*Exercise aim*.
Below are some records; copy each line in them that contains "blast".

*Data shown*.
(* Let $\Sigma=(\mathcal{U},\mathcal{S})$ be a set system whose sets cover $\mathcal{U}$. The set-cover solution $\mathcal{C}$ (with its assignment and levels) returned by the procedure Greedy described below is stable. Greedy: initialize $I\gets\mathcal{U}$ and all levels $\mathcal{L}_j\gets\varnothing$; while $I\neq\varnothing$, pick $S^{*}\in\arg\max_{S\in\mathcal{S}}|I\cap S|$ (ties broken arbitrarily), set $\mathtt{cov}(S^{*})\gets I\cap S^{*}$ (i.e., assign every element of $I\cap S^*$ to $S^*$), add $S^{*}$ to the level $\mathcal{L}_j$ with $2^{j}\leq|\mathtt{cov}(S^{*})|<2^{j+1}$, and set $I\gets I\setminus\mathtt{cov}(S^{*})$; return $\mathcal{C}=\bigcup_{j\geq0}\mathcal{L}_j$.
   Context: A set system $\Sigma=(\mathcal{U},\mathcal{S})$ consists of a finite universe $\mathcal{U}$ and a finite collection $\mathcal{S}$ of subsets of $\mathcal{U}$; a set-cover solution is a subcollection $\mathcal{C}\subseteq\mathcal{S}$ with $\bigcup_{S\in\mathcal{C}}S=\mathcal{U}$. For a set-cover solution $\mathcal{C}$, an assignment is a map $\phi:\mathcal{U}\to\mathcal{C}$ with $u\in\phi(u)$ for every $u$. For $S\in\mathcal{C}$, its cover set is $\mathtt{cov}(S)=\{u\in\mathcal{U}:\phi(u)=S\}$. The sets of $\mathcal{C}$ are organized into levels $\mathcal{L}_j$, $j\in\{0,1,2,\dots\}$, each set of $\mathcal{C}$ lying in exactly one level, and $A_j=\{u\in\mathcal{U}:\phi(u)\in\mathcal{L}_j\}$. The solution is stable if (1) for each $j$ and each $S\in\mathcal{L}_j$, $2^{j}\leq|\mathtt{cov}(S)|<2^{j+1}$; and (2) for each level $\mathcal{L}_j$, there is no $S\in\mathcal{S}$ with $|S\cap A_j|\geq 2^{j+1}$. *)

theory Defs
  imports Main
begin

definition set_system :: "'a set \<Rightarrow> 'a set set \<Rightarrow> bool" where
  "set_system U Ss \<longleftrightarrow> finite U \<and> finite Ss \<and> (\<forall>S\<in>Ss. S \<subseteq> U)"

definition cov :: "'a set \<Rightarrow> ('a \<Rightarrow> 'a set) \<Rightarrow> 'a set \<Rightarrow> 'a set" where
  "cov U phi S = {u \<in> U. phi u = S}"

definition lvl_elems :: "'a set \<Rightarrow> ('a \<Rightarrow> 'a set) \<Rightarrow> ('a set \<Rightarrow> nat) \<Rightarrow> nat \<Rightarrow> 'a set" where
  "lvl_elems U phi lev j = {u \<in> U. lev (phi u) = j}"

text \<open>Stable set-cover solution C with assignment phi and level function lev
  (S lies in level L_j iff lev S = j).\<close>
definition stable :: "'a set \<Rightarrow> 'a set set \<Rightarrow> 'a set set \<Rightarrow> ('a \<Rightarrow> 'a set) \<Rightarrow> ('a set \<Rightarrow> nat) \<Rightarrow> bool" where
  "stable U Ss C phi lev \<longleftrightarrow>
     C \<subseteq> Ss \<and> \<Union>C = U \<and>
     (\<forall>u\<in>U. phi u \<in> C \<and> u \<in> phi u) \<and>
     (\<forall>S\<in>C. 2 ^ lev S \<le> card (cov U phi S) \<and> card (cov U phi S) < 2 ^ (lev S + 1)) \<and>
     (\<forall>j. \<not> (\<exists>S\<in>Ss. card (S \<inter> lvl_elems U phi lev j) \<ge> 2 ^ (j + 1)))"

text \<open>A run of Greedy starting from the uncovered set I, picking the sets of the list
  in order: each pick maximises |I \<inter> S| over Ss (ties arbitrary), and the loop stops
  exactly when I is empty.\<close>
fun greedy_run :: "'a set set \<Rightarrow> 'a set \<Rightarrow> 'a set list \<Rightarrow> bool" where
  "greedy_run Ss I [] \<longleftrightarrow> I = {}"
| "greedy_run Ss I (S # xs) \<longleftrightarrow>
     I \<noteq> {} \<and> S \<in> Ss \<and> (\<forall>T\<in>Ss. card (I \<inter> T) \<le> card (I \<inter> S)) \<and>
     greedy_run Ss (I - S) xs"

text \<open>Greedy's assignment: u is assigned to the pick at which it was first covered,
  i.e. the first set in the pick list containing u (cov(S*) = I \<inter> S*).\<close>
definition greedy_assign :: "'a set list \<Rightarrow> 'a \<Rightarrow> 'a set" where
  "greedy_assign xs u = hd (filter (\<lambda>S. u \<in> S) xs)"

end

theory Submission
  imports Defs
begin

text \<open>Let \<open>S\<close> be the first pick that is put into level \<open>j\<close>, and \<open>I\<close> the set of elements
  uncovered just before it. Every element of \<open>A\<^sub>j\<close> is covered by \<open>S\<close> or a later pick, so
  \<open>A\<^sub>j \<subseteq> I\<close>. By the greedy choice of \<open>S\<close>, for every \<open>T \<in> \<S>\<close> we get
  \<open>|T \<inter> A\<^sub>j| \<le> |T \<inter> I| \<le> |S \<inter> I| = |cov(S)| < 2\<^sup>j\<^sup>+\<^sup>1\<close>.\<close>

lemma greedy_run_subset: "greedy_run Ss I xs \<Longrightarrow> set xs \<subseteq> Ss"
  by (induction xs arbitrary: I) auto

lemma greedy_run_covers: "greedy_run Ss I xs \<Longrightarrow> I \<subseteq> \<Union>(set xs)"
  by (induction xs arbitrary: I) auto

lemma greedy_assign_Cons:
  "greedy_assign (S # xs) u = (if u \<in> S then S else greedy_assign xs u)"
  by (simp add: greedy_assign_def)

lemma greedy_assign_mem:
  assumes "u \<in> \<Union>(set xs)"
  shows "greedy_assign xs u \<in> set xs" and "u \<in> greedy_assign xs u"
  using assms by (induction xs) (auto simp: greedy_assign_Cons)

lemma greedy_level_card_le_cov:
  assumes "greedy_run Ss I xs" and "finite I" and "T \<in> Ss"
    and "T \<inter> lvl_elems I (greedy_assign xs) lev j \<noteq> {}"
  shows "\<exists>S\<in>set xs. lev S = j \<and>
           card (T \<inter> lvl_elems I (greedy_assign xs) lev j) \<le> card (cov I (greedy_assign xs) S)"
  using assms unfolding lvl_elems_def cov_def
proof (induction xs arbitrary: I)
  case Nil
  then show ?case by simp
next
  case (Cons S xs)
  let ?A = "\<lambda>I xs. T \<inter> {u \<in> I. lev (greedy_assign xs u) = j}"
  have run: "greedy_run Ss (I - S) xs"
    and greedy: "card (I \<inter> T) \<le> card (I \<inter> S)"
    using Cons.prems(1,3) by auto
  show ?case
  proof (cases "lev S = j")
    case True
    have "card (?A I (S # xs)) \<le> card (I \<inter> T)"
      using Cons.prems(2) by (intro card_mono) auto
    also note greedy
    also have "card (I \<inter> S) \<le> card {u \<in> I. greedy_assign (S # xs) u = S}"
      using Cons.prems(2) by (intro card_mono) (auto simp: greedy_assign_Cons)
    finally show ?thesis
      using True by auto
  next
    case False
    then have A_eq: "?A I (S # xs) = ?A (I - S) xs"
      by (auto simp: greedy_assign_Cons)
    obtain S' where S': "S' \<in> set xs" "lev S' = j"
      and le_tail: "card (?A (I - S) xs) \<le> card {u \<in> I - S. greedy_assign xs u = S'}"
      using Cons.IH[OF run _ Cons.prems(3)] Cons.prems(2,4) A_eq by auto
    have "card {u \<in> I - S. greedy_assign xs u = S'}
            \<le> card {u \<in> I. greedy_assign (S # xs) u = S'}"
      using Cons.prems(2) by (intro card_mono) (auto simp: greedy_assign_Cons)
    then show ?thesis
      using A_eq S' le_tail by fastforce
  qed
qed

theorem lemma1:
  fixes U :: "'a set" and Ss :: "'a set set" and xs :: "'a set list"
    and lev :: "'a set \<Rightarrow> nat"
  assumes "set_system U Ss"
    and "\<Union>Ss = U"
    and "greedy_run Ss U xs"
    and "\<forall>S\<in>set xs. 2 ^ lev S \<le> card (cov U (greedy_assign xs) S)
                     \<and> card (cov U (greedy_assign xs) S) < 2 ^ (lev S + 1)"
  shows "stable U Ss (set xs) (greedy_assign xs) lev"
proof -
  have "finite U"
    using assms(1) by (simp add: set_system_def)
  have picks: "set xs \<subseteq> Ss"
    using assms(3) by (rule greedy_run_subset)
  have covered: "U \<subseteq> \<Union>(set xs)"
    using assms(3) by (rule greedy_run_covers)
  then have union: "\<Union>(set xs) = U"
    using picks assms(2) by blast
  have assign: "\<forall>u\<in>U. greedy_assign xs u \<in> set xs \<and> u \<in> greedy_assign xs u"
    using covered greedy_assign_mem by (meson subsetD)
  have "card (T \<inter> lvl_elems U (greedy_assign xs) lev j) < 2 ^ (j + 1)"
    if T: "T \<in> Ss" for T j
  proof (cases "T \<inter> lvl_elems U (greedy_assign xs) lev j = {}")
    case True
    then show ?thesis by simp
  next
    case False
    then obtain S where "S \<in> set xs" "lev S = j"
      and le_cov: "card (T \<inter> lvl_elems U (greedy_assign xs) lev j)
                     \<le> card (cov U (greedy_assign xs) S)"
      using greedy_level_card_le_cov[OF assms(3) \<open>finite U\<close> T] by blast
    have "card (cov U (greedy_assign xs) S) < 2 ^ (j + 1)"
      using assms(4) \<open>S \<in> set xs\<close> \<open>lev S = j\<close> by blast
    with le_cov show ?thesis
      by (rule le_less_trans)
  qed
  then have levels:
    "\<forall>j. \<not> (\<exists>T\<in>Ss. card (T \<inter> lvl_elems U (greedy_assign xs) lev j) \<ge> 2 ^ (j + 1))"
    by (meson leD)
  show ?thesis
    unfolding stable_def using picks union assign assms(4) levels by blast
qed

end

*Response area*.
    using picks assms(2) by blast
      using greedy_level_card_le_cov[OF assms(3) \<open>finite U\<close> T] by blast
      using assms(4) \<open>S \<in> set xs\<close> \<open>lev S = j\<close> by blast
    unfolding stable_def using picks union assign assms(4) levels by blast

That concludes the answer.